The U.S. failed to adopt a consistent policy towards Native American
tribes during the early 19th century, but, generally, Americans agreed
that Indians in Eastern states needed to be moved west of the Mississippi
so that Eastern lands could be developed by whites. The only real
issue was how rapidly this should be done and by what means. By the
1830s, the state of Georgia was upset that the federal government had not
removed the Cherokee Indians who lived within Georgia, and the state took
steps to remove the Cherokee on their own.
Worcester v. Georgia (1832)
In 1832, the U.S. Supreme Court led by Chief Justice John Marshall ruled
that state laws could not be applied to Indians. This ruling, in
essence, denied that the state of Georgia had the power to remove the Cherokee
from their land in Georgia. As you read, think about why the court
ruled as it did.
The defendant is a State [Georgia], a member of the Union, which has exercised the powers of government over a people who deny its jurisdiction, and are under the protection of the United States..... We must inquire whether the act of the Legislature of Georgia...be consistent with, or repugnant to the Constitution, laws and treaties of the United States. It has been said at bar that the acts of the Legislature of Georgia seize on the whole Cherokee country, parcel it out among the neighboring counties of the State, extend her [law] to the whole country, abolish its institutions and laws, and annihilate its political existence....The very passage of this act [by Georgia] is an assertion of jurisdiction over the Cherokee Nation....
From the commencement of our government Congress has passed acts to
regulate trade and intercourse with the Indians; which treat them as nations,
[and] respect their rights....
The Cherokee nation, then, is a distinct community, occupying its own territory... in which the laws of Georgia have no force.... The Acts of Georgia are repugnant to the Constitution, laws, and treaties of the United States. They interfere forcibly with the relations established between the United States and the Cherokee Nation, the regulation of which according to the settled principles of our Constitution, are committed exclusively to the government of the Union.
Andrew Jackson, "The Removal of Southern Indians..." (1835)
President Jackson opposed the Supreme CourtĖs ruling in Worcester v. Georgia and refused to enforce it, saying, "Mr. Marshall has made his decision now let him enforce it." In the end, the Cherokee were removed by gun point to the Indian Territory of Oklahoma. Thousands of Cherokee died in transit; the event is now known as the Trial of Tears.

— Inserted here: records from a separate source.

lemma ccw_angle_less_if_det2_pos:
  assumes "u \<noteq> (0, 0)" "0 < det2 u v1" "0 < det2 u v2" "0 < det2 v1 v2"
  shows "ccw_angle u v1 < ccw_angle u v2"
proof -
  have v1: "v1 \<noteq> (0, 0)" using assms(2) by (auto simp: det2_def)
  define z1 where "z1 = to_complex v1 / to_complex u"
  define z2 where "z2 = to_complex v2 / to_complex u"
  define q where "q = to_complex v2 / to_complex v1"
  have Im_pos: "0 < Im z1" "0 < Im z2" "0 < Im q"
    using Im_to_complex_divide_pos_iff assms v1 by (auto simp: z1_def z2_def q_def)
  then have angles: "ccw_angle u v1 = Arg z1" "ccw_angle u v2 = Arg z2"
    using Arg_lt_pi[of z1] Arg_lt_pi[of z2] by (simp_all add: ccw_angle_def z1_def z2_def Let_def)
  have "z2 = z1 * q" using v1 to_complex_eq_0_iff[of v1] by (simp add: z1_def z2_def q_def)
  moreover have "z1 \<noteq> 0" "q \<noteq> 0" using Im_pos by auto
  \<comment> \<open>Arg z1, Arg z2, Arg q all lie in (0, pi), so the correction term below must vanish.\<close>
  ultimately have "Arg z2 = Arg z1 + Arg q + (if Arg z1 + Arg q \<in> {-pi<..pi} then 0
                     else if Arg z1 + Arg q > pi then -2 * pi else 2 * pi)"
    using Arg_times' by simp
  then show ?thesis
    using angles Im_pos Arg_lt_pi[of z1] Arg_lt_pi[of q] Arg_lt_pi[of z2] by (auto split: if_splits)
qed

lemma det2_eq_0_imp_multiple:
  assumes "primitive u" "det2 u x = 0"
  obtains m where "x = (m * fst u, m * snd u)"
proof -
  obtain a b where u: "u = (a, b)" by (cases u)
  obtain x1 x2 where x: "x = (x1, x2)" by (cases x)
  from assms(1) obtain s t where st: "s * a + t * b = 1"
    using bezout_int[of a b] u by (auto simp: primitive_def)
  have cross: "a * x2 = b * x1" using assms(2) u x by (simp add: det2_def)
  have "(s * x1 + t * x2) * a = x1 * (s * a + t * b)"
    by (simp add: algebra_simps flip: cross)
  moreover have "(s * x1 + t * x2) * b = x2 * (s * a + t * b)"
    by (simp add: algebra_simps cross)
  ultimately have "x1 = (s * x1 + t * x2) * a" "x2 = (s * x1 + t * x2) * b"
    using st by simp_all
  with that u x show ?thesis by auto
qed

lemma primitive_if_det2_eq_1: "det2 u w = 1 \<Longrightarrow> primitive w"
proof -
  assume det: "det2 u w = 1"
  have "gcd (fst w) (snd w) dvd det2 u w"
    unfolding det2_def by (intro dvd_diff dvd_mult) auto
  with det have "gcd (fst w) (snd w) = 1" by simp
  moreover have "w \<noteq> (0, 0)" using det by (auto simp: det2_def)
  ultimately show "primitive w" by (simp add: primitive_def)
qed

lemma exists_det2_eq_1:
  assumes "primitive u"
  obtains e where "det2 u e = 1"
proof -
  from assms obtain s t where "s * fst u + t * snd u = 1"
    using bezout_int[of "fst u" "snd u"] by (auto simp: primitive_def)
  then have "det2 u (- t, s) = 1" by (simp add: det2_def algebra_simps)
  then show ?thesis by (rule that)
qed

lemma ccw_angle_eq_0_imp_eq:
  assumes "primitive u" "primitive v" "ccw_angle u v = 0"
  shows "v = u"
proof -
  have u0: "u \<noteq> (0, 0)" using assms(1) by (simp add: primitive_def)
  define z where "z = to_complex v / to_complex u"
  have "ccw_angle u v = (if Arg z < 0 then Arg z + 2 * pi else Arg z)"
    by (simp add: ccw_angle_def z_def Let_def)
  with assms(3) have "Arg z = 0" using mpi_less_Arg[of z] by (auto split: if_splits)
  then have real: "Im z = 0" "0 \<le> Re z" by (auto simp: Arg_eq_0 complex_is_Real_iff)
  then have "det2 u v = 0" using Im_to_complex_divide[of v u] sum_squares_lvec_pos[OF u0] u0
    by (cases u) (auto simp: z_def)
  with assms(1) obtain m where m: "v = (m * fst u, m * snd u)" by (rule det2_eq_0_imp_multiple)
  have "0 \<le> real_of_int (fst u * fst v + snd u * snd v)"
    using real(2) Re_to_complex_divide[of v u] sum_squares_lvec_pos[OF u0] by (simp add: z_def zero_le_divide_iff)
  then have "0 \<le> fst u * fst v + snd u * snd v" by (simp only: of_int_0_le_iff)
  then have "0 \<le> m * (fst u * fst u + snd u * snd u)" using m by (simp add: algebra_simps)
  moreover have "0 < fst u * fst u + snd u * snd u" using u0
    by (cases u) (auto simp: sum_squares_gt_zero_iff)
  ultimately have "0 \<le> m" by (simp add: zero_le_mult_iff)
  moreover have "gcd (fst v) (snd v) = \<bar>m\<bar> * gcd (fst u) (snd u)"
    using m by (simp add: gcd_mult_left abs_mult)
  ultimately have "m = 1" using assms(1,2) by (simp add: primitive_def)
  with m show ?thesis by simp
qed

definition rot90 :: "lvec \<Rightarrow> lvec" where
  "rot90 v = (- snd v, fst v)"

lemma fan_rays_finite: "finite (fan_rays h)"
proof -
  have "fan_rays h \<subseteq> {-h..h} \<times> {-h..h}" by (auto simp: fan_rays_def maxnorm_def)
  then show ?thesis by (rule finite_subset) auto
qed

lemma fan_rays_mono: "h0 \<le> h \<Longrightarrow> fan_rays h0 \<subseteq> fan_rays h"
  by (auto simp: fan_rays_def)
(* Let $H$ be a connected graph of order $m\ge 3$. (a) If $\textnormal{diam}(H)=1$, then $O_{\rm SR}(K_1\odot H)=\mathcal{B}$. (b) If $\textnormal{diam}(H)=2$, then $O_{\rm SR}(K_1\odot H)\in\{\mathcal{M},\mathcal{N},\mathcal{B}\}$. (c) If $\textnormal{diam}(H)=3$, then $O_{\rm SR}(K_1\odot H)\in\{\mathcal{N},\mathcal{B}\}$. (d) If $\textnormal{diam}(H)\ge 4$, then $O_{\rm SR}(K_1\odot H)=\mathcal{B}$.
   Context: All graphs are finite, simple and undirected; $\textnormal{diam}$ denotes diameter. $K_1\odot H$ (the corona product of $K_1$ with $H$) is the graph obtained from $H$ by adding one new vertex adjacent to every vertex of $H$. A set $S\subseteq V(X)$ is a strong resolving set of a connected graph $X$ if for all distinct $x,y\in V(X)$ there exists $z\in S$ such that $x$ lies on a $y$–$z$ geodesic or $y$ lies on an $x$–$z$ geodesic. The Maker–Breaker strong resolving game on $X$: Maker and Breaker alternately select a not-yet-chosen vertex of $X$; Maker wins if the vertices he selects contain a strong resolving set of $X$, Breaker wins otherwise. In the M-game Maker moves first, in the B-game Breaker moves first. $O_{\rm SR}(X)=\mathcal{M}$ if Maker has a winning strategy in both games, $\mathcal{B}$ if Breaker has a winning strategy in both, and $\mathcal{N}$ if the first player has a winning strategy in each. *)

theory Defs
  imports Main
begin

definition simple_graph :: "'a set \<Rightarrow> ('a \<Rightarrow> 'a \<Rightarrow> bool) \<Rightarrow> bool" where
  "simple_graph V E \<longleftrightarrow> finite V \<and>
     (\<forall>x y. E x y \<longrightarrow> x \<in> V \<and> y \<in> V \<and> x \<noteq> y \<and> E y x)"

fun walk :: "('a \<Rightarrow> 'a \<Rightarrow> bool) \<Rightarrow> 'a \<Rightarrow> 'a \<Rightarrow> nat \<Rightarrow> bool" where
  "walk E x y 0 \<longleftrightarrow> x = y"
| "walk E x y (Suc n) \<longleftrightarrow> (\<exists>z. E x z \<and> walk E z y n)"

definition connected_graph :: "'a set \<Rightarrow> ('a \<Rightarrow> 'a \<Rightarrow> bool) \<Rightarrow> bool" where
  "connected_graph V E \<longleftrightarrow> simple_graph V E \<and> V \<noteq> {} \<and>
     (\<forall>x\<in>V. \<forall>y\<in>V. \<exists>n. walk E x y n)"

definition gdist :: "('a \<Rightarrow> 'a \<Rightarrow> bool) \<Rightarrow> 'a \<Rightarrow> 'a \<Rightarrow> nat" where
  "gdist E x y = (LEAST n. walk E x y n)"

definition diam :: "'a set \<Rightarrow> ('a \<Rightarrow> 'a \<Rightarrow> bool) \<Rightarrow> nat" where
  "diam V E = Max {gdist E x y | x y. x \<in> V \<and> y \<in> V}"

definition on_geodesic :: "('a \<Rightarrow> 'a \<Rightarrow> bool) \<Rightarrow> 'a \<Rightarrow> 'a \<Rightarrow> 'a \<Rightarrow> bool" where
  "on_geodesic E y x z \<longleftrightarrow> gdist E y x + gdist E x z = gdist E y z"

definition strong_resolving :: "'a set \<Rightarrow> ('a \<Rightarrow> 'a \<Rightarrow> bool) \<Rightarrow> 'a set \<Rightarrow> bool" where
  "strong_resolving V E S \<longleftrightarrow> S \<subseteq> V \<and>
     (\<forall>x\<in>V. \<forall>y\<in>V. x \<noteq> y \<longrightarrow>
        (\<exists>z\<in>S. on_geodesic E y x z \<or> on_geodesic E x y z))"

text \<open>Maker-Breaker game on a finite board V with Maker's winning family given by
  the predicate W (on Maker's set).  mb_maker_wins V W Ms Bs t: from the position
  where Maker has chosen Ms, Breaker has chosen Bs, and it is Maker's turn iff t,
  Maker has a winning strategy.  The game is played until all vertices are chosen.\<close>
inductive mb_maker_wins :: "'a set \<Rightarrow> ('a set \<Rightarrow> bool) \<Rightarrow> 'a set \<Rightarrow> 'a set \<Rightarrow> bool \<Rightarrow> bool"
  for V W where
  finish: "V - Ms - Bs = {} \<Longrightarrow> W Ms \<Longrightarrow> mb_maker_wins V W Ms Bs t"
| maker_move: "x \<in> V - Ms - Bs \<Longrightarrow> mb_maker_wins V W (insert x Ms) Bs False
      \<Longrightarrow> mb_maker_wins V W Ms Bs True"
| breaker_move: "V - Ms - Bs \<noteq> {} \<Longrightarrow>
      (\<forall>x\<in>V - Ms - Bs. mb_maker_wins V W Ms (insert x Bs) True)
      \<Longrightarrow> mb_maker_wins V W Ms Bs False"

definition sr_win :: "'a set \<Rightarrow> ('a \<Rightarrow> 'a \<Rightarrow> bool) \<Rightarrow> 'a set \<Rightarrow> bool" where
  "sr_win V E Ms \<longleftrightarrow> (\<exists>S\<subseteq>Ms. strong_resolving V E S)"

datatype outcome = Out_M | Out_B | Out_N | Out_P

text \<open>Outcome: M-game = Maker first, B-game = Breaker first. Breaker wins iff Maker
  has no winning strategy (finite games are determined).  Out_P (second player wins
  both) is listed only for totality of the definition.\<close>
definition O_SR :: "'a set \<Rightarrow> ('a \<Rightarrow> 'a \<Rightarrow> bool) \<Rightarrow> outcome" where
  "O_SR V E =
    (let mg = mb_maker_wins V (sr_win V E) {} {} True;
         bg = mb_maker_wins V (sr_win V E) {} {} False
     in if mg \<and> bg then Out_M
        else if \<not> mg \<and> \<not> bg then Out_B
        else if mg \<and> \<not> bg then Out_N
        else Out_P)"

text \<open>Corona K1 \<odot> H: new vertex None adjacent to all Some v, v \<in> V.\<close>
definition corona_V :: "'a set \<Rightarrow> 'a option set" where
  "corona_V V = insert None (Some ` V)"

fun corona_E :: "'a set \<Rightarrow> ('a \<Rightarrow> 'a \<Rightarrow> bool) \<Rightarrow> 'a option \<Rightarrow> 'a option \<Rightarrow> bool" where
  "corona_E V E (Some u) (Some v) = E u v"
| "corona_E V E None (Some v) = (v \<in> V)"
| "corona_E V E (Some u) None = (u \<in> V)"
| "corona_E V E None None = False"

end

(* In a connected graph, if no two vertices are farther apart than x and y, then every strong
   resolving set contains x or y: a vertex z with x on a y-z geodesic is farther from y than x is,
   unless z = x.  In K1 \<odot> H all distances are at most 2, so this applies to every pair of
   non-adjacent vertices of H, and to every pair of vertices when H is complete.  Breaker wins
   as soon as, with Breaker to move, some free vertex a forms such pairs with two free vertices
   b and c: he claims a, and Maker can block only one of b and c.  If diam H \<ge> 3, a vertex x
   of a diametral path together with the path vertices at distance 2 and 3 from x is such a fork
   at the start of the B-game; if diam H \<ge> 4 or H is complete, a fork survives any first move
   of Maker.  Finally an extra vertex never hurts Maker, so if Maker wins the B-game he also wins
   the M-game, which rules out the outcome Out_P. *)

theory Submission
  imports Defs
begin

section \<open>Maker-Breaker games\<close>

definition transversal :: "('a set \<Rightarrow> bool) \<Rightarrow> 'a set \<Rightarrow> bool" where
  "transversal W A \<longleftrightarrow> (\<forall>M. W M \<longrightarrow> M \<inter> A \<noteq> {})"

text \<open>Breaker claims \<open>a\<close> and then completes whichever of the pairs \<open>{a, b}\<close>, \<open>{a, c}\<close>
  Maker leaves open.\<close>
definition fork :: "('a set \<Rightarrow> bool) \<Rightarrow> 'a set \<Rightarrow> 'a \<Rightarrow> 'a \<Rightarrow> 'a \<Rightarrow> bool" where
  "fork W F a b c \<longleftrightarrow> {a, b, c} \<subseteq> F \<and> distinct [a, b, c] \<and>
     transversal W {a, b} \<and> transversal W {a, c}"

lemma maker_loses_if_breaker_holds_transversal:
  assumes "transversal W A" "A \<subseteq> Bs" "A \<inter> Ms = {}"
  shows "\<not> mb_maker_wins V W Ms Bs t"
proof
  assume "mb_maker_wins V W Ms Bs t"
  then show False
    using assms by (induction rule: mb_maker_wins.induct) (auto simp: transversal_def)
qed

As you read Jackson's statement on Indian Removal, think about why Jackson favored permitting Georgia to remove the Cherokee. In what sense was JacksonĖs stance consistent with the ideology of his Democratic Party?
The condition and ulterior design of the Indian tribes within some of our States have become objects of much interest and importance.... Professing a desire to civilize and settle them we have, at the same time lost no opportunity to purchase their lands and thrust them farther into the wilderness. By this means they have not only been kept in a wandering state, but led to look upon us as unjust and indifferent to their fate. [Thus], government has constantly defeated its own policy... [and the Indians] have retained their savage habits.... [Some] states claiming to be the only sovereigns within their territories, extended their laws over the Indians, which induced the latter to call upon the United States for their protection....
Georgia became a member of the confederacy which eventuated in our Federal Union as a sovereign State, always asserting her claim to certain limits,... was admitted to the Union on the same footing as the original States. There is no constitutional, conventional or legal provision which allows them less power over the Indians within their borders than is possessed by Maine or New York. Would the people of Maine permit the Penobscot tribe to erect an independent government within their State?.... Could the Indians establish a separate republic [in Ohio]? And if they were so disposed would it be the duty of the [federal] government to protect them in their attempt? If the principle involved in the obvious answer to this question be abandoned, it would follow that the objects of this government are reversed, and it has become part of its duty to aid in destroying the States which it was established to protect....
Our conduct towards these people is deeply interesting to our national character. Their present condition... makes a most powerful appeal to our sympathies... Surrounded by the whites with their arts of civilization, which by destroying the resources of the savage doom him to weakness and decay.... This fate surely awaits them if they remain within the limits of the States.... Humanity and national honor demand that every effort should be made to avert so great a calamity. A state cannot be dismembered by Congress or restricted in the exercise of her constitutional power.... The people of those States and of every State, actuated by feelings of justice and a regard for our national honor, submit to you the interesting question whether something cannot be done, consistent with the rights of the States, to preserve this much injured race.
As a means of effecting this end I suggest... setting apart an ample
district west of the Mississippi, and without the limits of any State or
Territory now formed, to be guaranteed to the Indian tribes as long as
they shall occupy it.... There the benevolent may endeavor to teach them
the arts of civilization, and by promoting union and harmony among them...
attest to the humanity and justice of this government."